----- EXTRACTED MATERIAL

(* Let $(\Omega,\mathcal F,Q,(\mathcal F_t)_{t=0}^T)$ be a filtered probability space, $\pi>0$, and $t\in\{0,\dots,T-1\}$. Suppose $c_t:\mathbb R\times\Omega\to\mathbb R$ is $\mathcal B(\mathbb R)\otimes\mathcal F_t$-measurable with $a\mapsto c_t(a)(\omega)$ non-decreasing and continuous, and $\alpha_{t+1}:\mathbb R\times\Omega\to[0,\pi]$ is $\mathcal B(\mathbb R)\otimes\mathcal F$-measurable with $g\mapsto\alpha_{t+1}(g)(\omega)$ non-decreasing for all $\omega\in\Omega$. Let $Q_t$ be a regular version of the $\mathcal F_t$-conditional distribution of $Q$, and let $\varepsilon_{t+1}$ be a random variable such that for each $\omega\in\Omega$ the map $\mathbb R\to[0,\pi]$, $x\mapsto\int_\Omega\alpha_{t+1}(x+\varepsilon_{t+1}(\omega'))(\omega')\,Q_t(d\omega')(\omega)$ is continuous. Then: (i) there exists a unique $\mathcal B(\mathbb R)\otimes\mathcal F_t$-measurable $[0,\pi]$-valued $\alpha_t$ satisfying $$\alpha_t(g)(\omega)=\mathbb E^Q_t\big(\alpha_{t+1}(g-c_t(\alpha_t(g))+\varepsilon_{t+1})\big)(\omega)\quad\text{for all }g\in\mathbb R\text{ and almost all }\omega\in\Omega;$$ (ii) the map $\mathbb R\to[0,\pi]$, $g\mapsto\alpha_t(g)(\omega)$, is non-decreasing and continuous for all $\omega\in\Omega$.
   Context: $\mathbb E^Q_t$ denotes conditional expectation under $Q$ given $\mathcal F_t$. *)

theory Defs
  imports "HOL-Probability.Probability"
begin

definition regular_cond_distr :: "'a measure \<Rightarrow> 'a measure \<Rightarrow> ('a \<Rightarrow> 'a measure) \<Rightarrow> bool" where
  "regular_cond_distr M G K \<longleftrightarrow>
     K \<in> measurable G (prob_algebra M) \<and>
     (\<forall>A\<in>sets M. AE \<omega> in M. measure (K \<omega>) A = real_cond_exp M G (indicator A) \<omega>)"

definition filtration_upto :: "'a measure \<Rightarrow> (nat \<Rightarrow> 'a measure) \<Rightarrow> nat \<Rightarrow> bool" where
  "filtration_upto M F T \<longleftrightarrow>
     (\<forall>s\<le>T. subalgebra M (F s)) \<and> (\<forall>s s'. s \<le> s' \<longrightarrow> s' \<le> T \<longrightarrow> sets (F s) \<subseteq> sets (F s'))"

end

theory Submission
  imports Defs
begin

text \<open>Write \<open>\<phi>(x, \<omega>) = \<integral> \<alpha>\<^sub>t\<^sub>+\<^sub>1(x + \<epsilon>(\<omega>'))(\<omega>') K\<^sub>\<omega>(d\<omega>')\<close>. Because \<open>K\<close> is a regular
  conditional distribution, conditioning on \<open>F\<^sub>t\<close> freezes \<open>F\<^sub>t\<close>-measurable arguments, so the
  defining equation for \<open>\<alpha>\<^sub>t\<close> is equivalent, for almost every \<open>\<omega>\<close>, to the pointwise equation
  \<open>a = \<phi>(g - c\<^sub>t(a)(\<omega>), \<omega>)\<close>. Since \<open>\<phi>\<close> is non-decreasing, continuous and \<open>[0, \<pi>]\<close>-valued and
  \<open>c\<^sub>t\<close> is non-decreasing and continuous, \<open>a - \<phi>(g - c\<^sub>t(a), \<omega>)\<close> is strictly increasing and
  continuous, non-positive at \<open>0\<close> and non-negative at \<open>\<pi>\<close>: it has exactly one zero \<open>\<alpha>\<^sub>t(g)(\<omega>)\<close>.
  The identity \<open>{\<alpha>\<^sub>t(g) \<le> q} = {\<phi>(g - c\<^sub>t(q)) \<le> q}\<close> yields joint measurability as well as
  monotonicity and continuity in \<open>g\<close>.\<close>

text \<open>Only meaningful under the assumptions of \<open>monotone_feedback\<close> below, which make the
  fixed point unique; otherwise \<open>THE\<close> yields an unspecified value.\<close>

definition fixed_point_root :: "(real \<Rightarrow> real) \<Rightarrow> (real \<Rightarrow> real) \<Rightarrow> real \<Rightarrow> real" where
  "fixed_point_root \<phi> c g = (THE a. a = \<phi> (g - c a))"

locale monotone_feedback =
  fixes \<phi> c :: "real \<Rightarrow> real" and \<pi> :: real
  assumes mono_\<phi>: "mono \<phi>" and continuous_\<phi>: "continuous_on UNIV \<phi>"
    and range_\<phi>: "\<And>x. 0 \<le> \<phi> x \<and> \<phi> x \<le> \<pi>"
    and mono_c: "mono c" and continuous_c: "continuous_on UNIV c"
begin

abbreviation root :: "real \<Rightarrow> real" where
  "root \<equiv> fixed_point_root \<phi> c"

lemma residual_strict_mono:
  assumes "a < b"
  shows "a - \<phi> (g - c a) < b - \<phi> (g - c b)"
proof -
  have "c a \<le> c b"
    using mono_c assms by (simp add: mono_def)
  then have "\<phi> (g - c b) \<le> \<phi> (g - c a)"
    using mono_\<phi> by (simp add: mono_def)
  with assms show ?thesis
    by simp
qed

lemma fixed_point_exists: "\<exists>a. a = \<phi> (g - c a)"
proof -
  have "continuous_on UNIV (\<lambda>a. g - c a)"
    by (intro continuous_intros continuous_c)
  from continuous_on_compose2[OF continuous_\<phi> this subset_UNIV]
  have "continuous_on UNIV (\<lambda>a. a - \<phi> (g - c a))"
    by (intro continuous_intros)
  then have "continuous_on {0..\<pi>} (\<lambda>a. a - \<phi> (g - c a))"
    by (rule continuous_on_subset) simp
  moreover have "0 - \<phi> (g - c 0) \<le> 0" "0 \<le> \<pi> - \<phi> (g - c \<pi>)" "0 \<le> \<pi>"
    using range_\<phi>[of "g - c 0"] range_\<phi>[of "g - c \<pi>"] by auto
  ultimately obtain a where "a - \<phi> (g - c a) = 0"
    using IVT'[of "\<lambda>a. a - \<phi> (g - c a)"] by blast
  then show ?thesis
    by auto
qed

lemma fixed_point_unique:
  assumes "a = \<phi> (g - c a)" and "b = \<phi> (g - c b)"
  shows "a = b"
  using residual_strict_mono[of a b g] residual_strict_mono[of b a g] assms
  by (cases a b rule: linorder_cases) linarith+

lemma root_fixed_point: "\<phi> (g - c (root g)) = root g"
proof -
  have "\<exists>!a. a = \<phi> (g - c a)"
    using fixed_point_exists fixed_point_unique by blast
  from theI'[OF this] show ?thesis
    unfolding fixed_point_root_def by (rule sym)
qed

lemma root_unique: "a = \<phi> (g - c a) \<Longrightarrow> a = root g"
  using fixed_point_unique root_fixed_point by metis

lemma root_range: "0 \<le> root g \<and> root g \<le> \<pi>"
  using range_\<phi>[of "g - c (root g)"] by (simp only: root_fixed_point)

lemma root_le_iff: "root g \<le> q \<longleftrightarrow> \<phi> (g - c q) \<le> q"
  using residual_strict_mono[of q "root g" g] residual_strict_mono[of "root g" q g] root_fixed_point[of g]
  by (cases "root g" q rule: linorder_cases) auto

lemma root_less_iff: "root g < q \<longleftrightarrow> \<phi> (g - c q) < q"
  using residual_strict_mono[of q "root g" g] residual_strict_mono[of "root g" q g] root_fixed_point[of g]
  by (cases "root g" q rule: linorder_cases) auto

lemma mono_root: "mono root"
proof (rule monoI)
  fix g h :: real
  assume "g \<le> h"
  then have "\<phi> (g - c (root h)) \<le> \<phi> (h - c (root h))"
    using mono_\<phi> by (simp add: mono_def)
  then show "root g \<le> root h"
    using root_fixed_point[of h] root_le_iff by simp
qed

lemma continuous_root: "continuous_on UNIV root"
proof (rule continuous_at_imp_continuous_on, intro ballI)
  fix g0 :: real
  have tendsto: "((\<lambda>g. \<phi> (g - c q)) \<longlongrightarrow> \<phi> (g0 - c q)) (at g0)" for q
  proof -
    have "continuous_on UNIV (\<lambda>g. g - c q)"
      by (intro continuous_intros)
    from continuous_on_compose2[OF continuous_\<phi> this subset_UNIV]
    show ?thesis
      by (simp add: continuous_on_eq_continuous_at isCont_def)
  qed
  show "isCont root g0"
    unfolding isCont_def
  proof (rule order_tendstoI)
    fix q assume "q < root g0"
    then have "q < \<phi> (g0 - c q)"
      using root_le_iff[of g0 q] by linarith
    from order_tendstoD(1)[OF tendsto this]
    show "\<forall>\<^sub>F g in at g0. q < root g"
      by (rule eventually_mono) (use root_le_iff in \<open>meson not_le\<close>)
  next
    fix q assume "root g0 < q"
    then have "\<phi> (g0 - c q) < q"
      using root_less_iff[of g0 q] by linarith
    from order_tendstoD(2)[OF tendsto this]
    show "\<forall>\<^sub>F g in at g0. root g < q"
      by (rule eventually_mono) (use root_less_iff in blast)
  qed
qed

end

lemma measurable_fixed_point_root:
  assumes \<phi>[measurable]: "(\<lambda>(x, \<omega>). \<phi> x \<omega>) \<in> borel_measurable (borel \<Otimes>\<^sub>M N)"
    and c[measurable]: "(\<lambda>(a, \<omega>). c a \<omega>) \<in> borel_measurable (borel \<Otimes>\<^sub>M N)"
    and feedback: "\<And>\<omega>. \<omega> \<in> space N \<Longrightarrow> monotone_feedback (\<lambda>x. \<phi> x \<omega>) (\<lambda>a. c a \<omega>) \<pi>"
  shows "(\<lambda>(g, \<omega>). fixed_point_root (\<lambda>x. \<phi> x \<omega>) (\<lambda>a. c a \<omega>) g) \<in> borel_measurable (borel \<Otimes>\<^sub>M N)"
  unfolding borel_measurable_iff_le
proof
  fix q
  have [measurable]: "(\<lambda>\<omega>. c q \<omega>) \<in> borel_measurable N"
    using measurable_Pair2[OF c, of q] by simp
  have "(\<lambda>(g, \<omega>). \<phi> (g - c q \<omega>) \<omega>) \<in> borel_measurable (borel \<Otimes>\<^sub>M N)"
    by measurable
  then have "{w \<in> space (borel \<Otimes>\<^sub>M N). (\<lambda>(g, \<omega>). \<phi> (g - c q \<omega>) \<omega>) w \<le> q} \<in> sets (borel \<Otimes>\<^sub>M N)"
    by (simp add: borel_measurable_iff_le)
  also have "{w \<in> space (borel \<Otimes>\<^sub>M N). (\<lambda>(g, \<omega>). \<phi> (g - c q \<omega>) \<omega>) w \<le> q}
      = {w \<in> space (borel \<Otimes>\<^sub>M N). (\<lambda>(g, \<omega>). fixed_point_root (\<lambda>x. \<phi> x \<omega>) (\<lambda>a. c a \<omega>) g) w \<le> q}"
    by (auto simp: space_pair_measure monotone_feedback.root_le_iff[OF feedback])
  finally show "{w \<in> space (borel \<Otimes>\<^sub>M N).
      (\<lambda>(g, \<omega>). fixed_point_root (\<lambda>x. \<phi> x \<omega>) (\<lambda>a. c a \<omega>) g) w \<le> q} \<in> sets (borel \<Otimes>\<^sub>M N)" .
qed

lemma integral_measurable_subprob_algebra2:
  fixes f :: "'a \<Rightarrow> 'b \<Rightarrow> real"
  assumes f[measurable]: "(\<lambda>(x, y). f x y) \<in> borel_measurable (M \<Otimes>\<^sub>M N)"
    and L[measurable]: "L \<in> measurable M (subprob_algebra N)"
  shows "(\<lambda>x. integral\<^sup>L (L x) (f x)) \<in> borel_measurable M"
proof -
  note integral_measurable_subprob_algebra[measurable]
  note measurable_distr2[measurable]
  have "(\<lambda>x. integral\<^sup>L (distr (L x) (M \<Otimes>\<^sub>M N) (\<lambda>y. (x, y))) (\<lambda>(x, y). f x y)) \<in> borel_measurable M"
    by measurable
  then show ?thesis
    by (rule measurable_cong[THEN iffD1, rotated]) (simp add: integral_distr)
qed

lemma (in prob_space)
  fixes f :: "'a \<Rightarrow> real"
  assumes "f \<in> borel_measurable M" and "\<And>x. x \<in> space M \<Longrightarrow> a \<le> f x \<and> f x \<le> b"
  shows integrable_between_bounds: "integrable M f"
    and integral_between_bounds: "a \<le> expectation f \<and> expectation f \<le> b"
proof -
  show "integrable M f"
    using assms by (intro integrable_const_bound[where B="max \<bar>a\<bar> \<bar>b\<bar>"] AE_I2) force+
  then show "a \<le> expectation f \<and> expectation f \<le> b"
    using assms(2) by (auto intro!: integral_ge_const integral_le_const AE_I2)
qed

locale regular_cond_kernel = prob_space M + finite_measure_subalgebra M G
  for M :: "'a measure" and G :: "'a measure" +
  fixes K :: "'a \<Rightarrow> 'a measure"
  assumes regular: "regular_cond_distr M G K"
begin

lemma space_G: "space G = space M"
  using subalg by (simp add: subalgebra_def)

lemma kernel_measurable[measurable]: "K \<in> measurable G (subprob_algebra M)"
  using regular by (auto simp: regular_cond_distr_def intro: measurable_prob_algebraD)

lemma kernel_cond_prob: "A \<in> sets M \<Longrightarrow> AE \<omega> in M. measure (K \<omega>) A = real_cond_exp M G (indicator A) \<omega>"
  using regular by (simp add: regular_cond_distr_def)

lemma
  assumes "\<omega> \<in> space M"
  shows prob_space_K: "prob_space (K \<omega>)"
    and sets_K: "sets (K \<omega>) = sets M"
    and space_K: "space (K \<omega>) = space M"
proof -
  have "K \<omega> \<in> space (prob_algebra M)"
    using regular assms space_G by (auto simp: regular_cond_distr_def dest: measurable_space)
  then show "prob_space (K \<omega>)" and sets: "sets (K \<omega>) = sets M"
    by (auto simp: space_prob_algebra)
  from sets show "space (K \<omega>) = space M" by (rule sets_eq_imp_space_eq)
qed

lemma measure_Int_kernel:
  assumes B: "B \<in> sets G" and A: "A \<in> sets M"
  shows "measure M (B \<inter> A) = (\<integral>\<omega>\<in>B. measure (K \<omega>) A \<partial>M)"
proof -
  have BM[measurable]: "B \<in> sets M"
    using B subalg by (auto simp: subalgebra_def)
  have "(\<lambda>\<omega>. measure (K \<omega>) A) \<in> borel_measurable G"
    using measurable_measure_subprob_algebra[OF A] kernel_measurable by (rule measurable_compose[rotated])
  then have [measurable]: "(\<lambda>\<omega>. measure (K \<omega>) A) \<in> borel_measurable M"
    by (rule measurable_from_subalg[OF subalg])
  have "measure M (B \<inter> A) = (\<integral>\<omega>\<in>B. indicator A \<omega> \<partial>M)"
    using A BM by (simp add: set_lebesgue_integral_def indicator_inter_arith[symmetric] Int_commute)
  also have "\<dots> = (\<integral>\<omega>\<in>B. real_cond_exp M G (indicator A) \<omega> \<partial>M)"
    using A B by (intro real_cond_exp_intA integrable_real_indicator) (auto simp: less_top[symmetric])
  also have "\<dots> = (\<integral>\<omega>\<in>B. measure (K \<omega>) A \<partial>M)"
    unfolding set_lebesgue_integral_def
    by (intro integral_cong_AE eventually_mono[OF kernel_cond_prob[OF A]])
       measurable
  finally show ?thesis .
qed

----------

WHAT THE EXERCISE ASKS: Collect the complete line wherever the string "distribution" appears in the records.

ANSWER SECTION:
(* Let $(\Omega,\mathcal F,Q,(\mathcal F_t)_{t=0}^T)$ be a filtered probability space, $\pi>0$, and $t\in\{0,\dots,T-1\}$. Suppose $c_t:\mathbb R\times\Omega\to\mathbb R$ is $\mathcal B(\mathbb R)\otimes\mathcal F_t$-measurable with $a\mapsto c_t(a)(\omega)$ non-decreasing and continuous, and $\alpha_{t+1}:\mathbb R\times\Omega\to[0,\pi]$ is $\mathcal B(\mathbb R)\otimes\mathcal F$-measurable with $g\mapsto\alpha_{t+1}(g)(\omega)$ non-decreasing for all $\omega\in\Omega$. Let $Q_t$ be a regular version of the $\mathcal F_t$-conditional distribution of $Q$, and let $\varepsilon_{t+1}$ be a random variable such that for each $\omega\in\Omega$ the map $\mathbb R\to[0,\pi]$, $x\mapsto\int_\Omega\alpha_{t+1}(x+\varepsilon_{t+1}(\omega'))(\omega')\,Q_t(d\omega')(\omega)$ is continuous. Then: (i) there exists a unique $\mathcal B(\mathbb R)\otimes\mathcal F_t$-measurable $[0,\pi]$-valued $\alpha_t$ satisfying $$\alpha_t(g)(\omega)=\mathbb E^Q_t\big(\alpha_{t+1}(g-c_t(\alpha_t(g))+\varepsilon_{t+1})\big)(\omega)\quad\text{for all }g\in\mathbb R\text{ and almost all }\omega\in\Omega;$$ (ii) the map $\mathbb R\to[0,\pi]$, $g\mapsto\alpha_t(g)(\omega)$, is non-decreasing and continuous for all $\omega\in\Omega$.
  conditional distribution, conditioning on \<open>F\<^sub>t\<close> freezes \<open>F\<^sub>t\<close>-measurable arguments, so the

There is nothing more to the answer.